Prompt - The expected output is a verbatim reprint of the lines from the beginning of the data that follows through the line that contains "then obtain u".

Information shown -
lemma zonotope_extreme_point_shift:
  fixes P :: "'a::euclidean_space set"
  assumes "zonotope P" "x \<in> P" "y \<in> P"
  shows "\<exists>u. u extreme_point_of P \<and> u - (x - y) \<in> P"
  using assms
proof (induction P arbitrary: x y rule: measure_induct_rule[where f = "\<lambda>P. nat (aff_dim P + 1)"])
  case (less P)
  have pol: "polytope P" using less.prems(1) unfolding zonotope_def by blast
  have cvx: "convex P" using pol polytope_imp_convex by blast
  obtain c where c: "\<And>z. z \<in> P \<Longrightarrow> 2 *\<^sub>R c - z \<in> P"
    using less.prems(1) unfolding zonotope_def centrally_symmetric_def by blast
  show ?case
  proof (cases "x = y")
    case True
    obtain u where "u extreme_point_of P"
      using extreme_point_exists_convex[OF polytope_imp_compact[OF pol] cvx] less.prems(2) by blast
    then show ?thesis using True by (auto simp: extreme_point_of_def)
  next
    case False
    then obtain g b F where gbF: "0 < g" "g \<le> 1" "F face_of P" "F \<noteq> P" "b \<in> F"
      and xy: "x - y = (2 * g) *\<^sub>R (b - c)"
      using symmetric_polytope_chord_to_proper_face[OF pol c less.prems(2,3)] by blast
    have zF: "zonotope F" using zonotope_face[OF less.prems(1) gbF(3)] .
    obtain c' where c': "\<And>z. z \<in> F \<Longrightarrow> 2 *\<^sub>R c' - z \<in> F"
      using zF unfolding zonotope_def centrally_symmetric_def by blast
    \<comment> \<open>\<open>f1 - f2\<close> is the chord of \<open>F\<close> through \<open>b\<close> and \<open>c'\<close>, scaled by the factor \<open>2g\<close> of \<open>x - y\<close>\<close>
    define f2 where "f2 = 2 *\<^sub>R c' - b"
    define f1 where "f1 = g *\<^sub>R b + (1 - g) *\<^sub>R f2"
    have f2F: "f2 \<in> F" using c' gbF(5) by (simp add: f2_def)
    have f1F: "f1 \<in> F"
      using convexD[OF face_of_imp_convex[OF gbF(3)] gbF(5) f2F, of g "1 - g"] gbF(1,2) by (simp add: f1_def)
    have "aff_dim F < aff_dim P" using face_of_aff_dim_lt[OF cvx gbF(3,4)] .
    then have "nat (aff_dim F + 1) < nat (aff_dim P + 1)" using aff_dim_geq[of F] by linarith
    then obtain u where u: "u extreme_point_of F" "u - (f1 - f2) \<in> F"
      using less.IH zF f1F f2F by blast
    have "f1 - f2 = (2 * g) *\<^sub>R (b - c')"
      by (simp add: f1_def f2_def algebra_simps flip: scaleR_2)
    then have "u - (x - y) = (u - (f1 - f2)) + (2 * g) *\<^sub>R (c - c')"
      unfolding xy by (simp add: algebra_simps)
    also have "\<dots> \<in> P"
      using center_shift_mem[OF cvx c face_of_imp_subset[OF gbF(3)] c' u(2)] gbF(1,2) by simp
    finally show ?thesis using extreme_point_of_face[OF gbF(3)] u(1) by blast
  qed
qed
(* Let $\alpha \in [0,1)$ and let $q_\alpha \in \mathcal{P}\big((1+\alpha)/2\big)$. Let $f \in \mathcal{B}$ be locally univalent (i.e. $f'(z)\neq 0$ for $z \in \mathbb{D}\setminus\{0\}$) and suppose that $$|S_f(z)| \leq 2\, q_\alpha(|z|) \quad \text{for all } z \in \mathbb{D}\setminus\{0\}.$$ Then $f \in \mathcal{BC}(\alpha)$. Moreover, the constant $(1+\alpha)/2$ is best possible: for every $\beta < (1+\alpha)/2$ there exist $q \in \mathcal{P}(\beta)$ and a locally univalent $f \in \mathcal{B}$ with $|S_f(z)| \le 2q(|z|)$ on $\mathbb{D}\setminus\{0\}$ such that $f \notin \mathcal{BC}(\alpha)$.
   Context: $\mathbb{D}=\{z\in\mathbb{C}:|z|<1\}$. $\mathcal{B}$ denotes the class of functions $f$ meromorphic in $\mathbb{D}$ of the form $f(z)=\frac1z+a_0+a_1z+a_2z^2+\cdots$ (analytic in $\mathbb{D}\setminus\{0\}$ with a simple pole of residue $1$ at $0$). For a locally univalent function $f$, the Schwarzian derivative is $S_f=\left(\frac{f''}{f'}\right)'-\frac12\left(\frac{f''}{f'}\right)^2$ (it extends analytically across $0$ for $f\in\mathcal B$). For $\alpha\in[0,1)$, $\mathcal{BC}(\alpha)$ is the class of $f\in\mathcal{B}$ with $f'(z)\neq0$ on $\mathbb{D}\setminus\{0\}$ and $\operatorname{Re}\left(1+\frac{zf''(z)}{f'(z)}\right)\le -\alpha$ for $z\in\mathbb{D}\setminus\{0\}$ (meromorphically convex functions of order $\alpha$). For $\gamma\ge 0$, $\mathcal{P}(\gamma)$ is the class of continuous functions $q:[0,1)\to\mathbb{R}$ such that (a) $q(r)\ge0$ for all $r\in[0,1)$, and (b) the solution $y$ of $y''+qy=0$, $y(0)=0$, $y'(0)=1$, is positive on $(0,1)$ and satisfies $\lim_{x\to1^-} \frac{y'(x)}{y(x)}\ge\gamma$. *)

theory Defs
  imports "HOL-Complex_Analysis.Complex_Analysis" "HOL-Library.Extended_Real"
begin

text \<open>Class B: meromorphic in the unit disc, of the form 1/z + (holomorphic).
  The value of f at 0 is irrelevant (f is a total function in HOL).\<close>
definition classB :: "(complex \<Rightarrow> complex) \<Rightarrow> bool" where
  "classB f \<longleftrightarrow> (\<exists>g. g holomorphic_on ball 0 1 \<and>
      (\<forall>z\<in>ball 0 1 - {0}. f z = 1 / z + g z))"

definition loc_univalent :: "(complex \<Rightarrow> complex) \<Rightarrow> bool" where
  "loc_univalent f \<longleftrightarrow> (\<forall>z\<in>ball 0 1 - {0}. deriv f z \<noteq> 0)"

definition schwarzian :: "(complex \<Rightarrow> complex) \<Rightarrow> complex \<Rightarrow> complex" where
  "schwarzian f z = deriv (\<lambda>w. deriv (deriv f) w / deriv f w) z
      - 1/2 * (deriv (deriv f) z / deriv f z)^2"

definition classBC :: "real \<Rightarrow> (complex \<Rightarrow> complex) \<Rightarrow> bool" where
  "classBC \<alpha> f \<longleftrightarrow> classB f \<and> loc_univalent f \<and>
     (\<forall>z\<in>ball 0 1 - {0}. Re (1 + z * deriv (deriv f) z / deriv f z) \<le> - \<alpha>)"

definition ode_sol :: "(real \<Rightarrow> real) \<Rightarrow> (real \<Rightarrow> real) \<Rightarrow> (real \<Rightarrow> real) \<Rightarrow> bool" where
  "ode_sol q y y' \<longleftrightarrow> y 0 = 0 \<and> y' 0 = 1 \<and>
     (\<forall>x\<in>{0..<1}. (y has_real_derivative y' x) (at x within {0..<1}) \<and>
                    (y' has_real_derivative (- q x * y x)) (at x within {0..<1}))"

definition classP :: "real \<Rightarrow> (real \<Rightarrow> real) \<Rightarrow> bool" where
  "classP \<gamma> q \<longleftrightarrow> continuous_on {0..<1} q \<and> (\<forall>r\<in>{0..<1}. q r \<ge> 0) \<and>
     (\<forall>y y'. ode_sol q y y' \<longrightarrow>
        (\<forall>x\<in>{0<..<1}. y x > 0) \<and>
        (\<exists>L. ((\<lambda>x. ereal (y' x / y x)) \<longlongrightarrow> L) (at_left 1) \<and> L \<ge> ereal \<gamma>))"

end

theory Submission
  imports Defs
begin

Solution to this exercise -
lemma zonotope_extreme_point_shift:
  fixes P :: "'a::euclidean_space set"
  assumes "zonotope P" "x \<in> P" "y \<in> P"
  shows "\<exists>u. u extreme_point_of P \<and> u - (x - y) \<in> P"
  using assms
proof (induction P arbitrary: x y rule: measure_induct_rule[where f = "\<lambda>P. nat (aff_dim P + 1)"])
  case (less P)
  have pol: "polytope P" using less.prems(1) unfolding zonotope_def by blast
  have cvx: "convex P" using pol polytope_imp_convex by blast
  obtain c where c: "\<And>z. z \<in> P \<Longrightarrow> 2 *\<^sub>R c - z \<in> P"
    using less.prems(1) unfolding zonotope_def centrally_symmetric_def by blast
  show ?case
  proof (cases "x = y")
    case True
    obtain u where "u extreme_point_of P"
      using extreme_point_exists_convex[OF polytope_imp_compact[OF pol] cvx] less.prems(2) by blast
    then show ?thesis using True by (auto simp: extreme_point_of_def)
  next
    case False
    then obtain g b F where gbF: "0 < g" "g \<le> 1" "F face_of P" "F \<noteq> P" "b \<in> F"
      and xy: "x - y = (2 * g) *\<^sub>R (b - c)"
      using symmetric_polytope_chord_to_proper_face[OF pol c less.prems(2,3)] by blast
    have zF: "zonotope F" using zonotope_face[OF less.prems(1) gbF(3)] .
    obtain c' where c': "\<And>z. z \<in> F \<Longrightarrow> 2 *\<^sub>R c' - z \<in> F"
      using zF unfolding zonotope_def centrally_symmetric_def by blast
    \<comment> \<open>\<open>f1 - f2\<close> is the chord of \<open>F\<close> through \<open>b\<close> and \<open>c'\<close>, scaled by the factor \<open>2g\<close> of \<open>x - y\<close>\<close>
    define f2 where "f2 = 2 *\<^sub>R c' - b"
    define f1 where "f1 = g *\<^sub>R b + (1 - g) *\<^sub>R f2"
    have f2F: "f2 \<in> F" using c' gbF(5) by (simp add: f2_def)
    have f1F: "f1 \<in> F"
      using convexD[OF face_of_imp_convex[OF gbF(3)] gbF(5) f2F, of g "1 - g"] gbF(1,2) by (simp add: f1_def)
    have "aff_dim F < aff_dim P" using face_of_aff_dim_lt[OF cvx gbF(3,4)] .
    then have "nat (aff_dim F + 1) < nat (aff_dim P + 1)" using aff_dim_geq[of F] by linarith
    then obtain u where u: "u extreme_point_of F" "u - (f1 - f2) \<in> F"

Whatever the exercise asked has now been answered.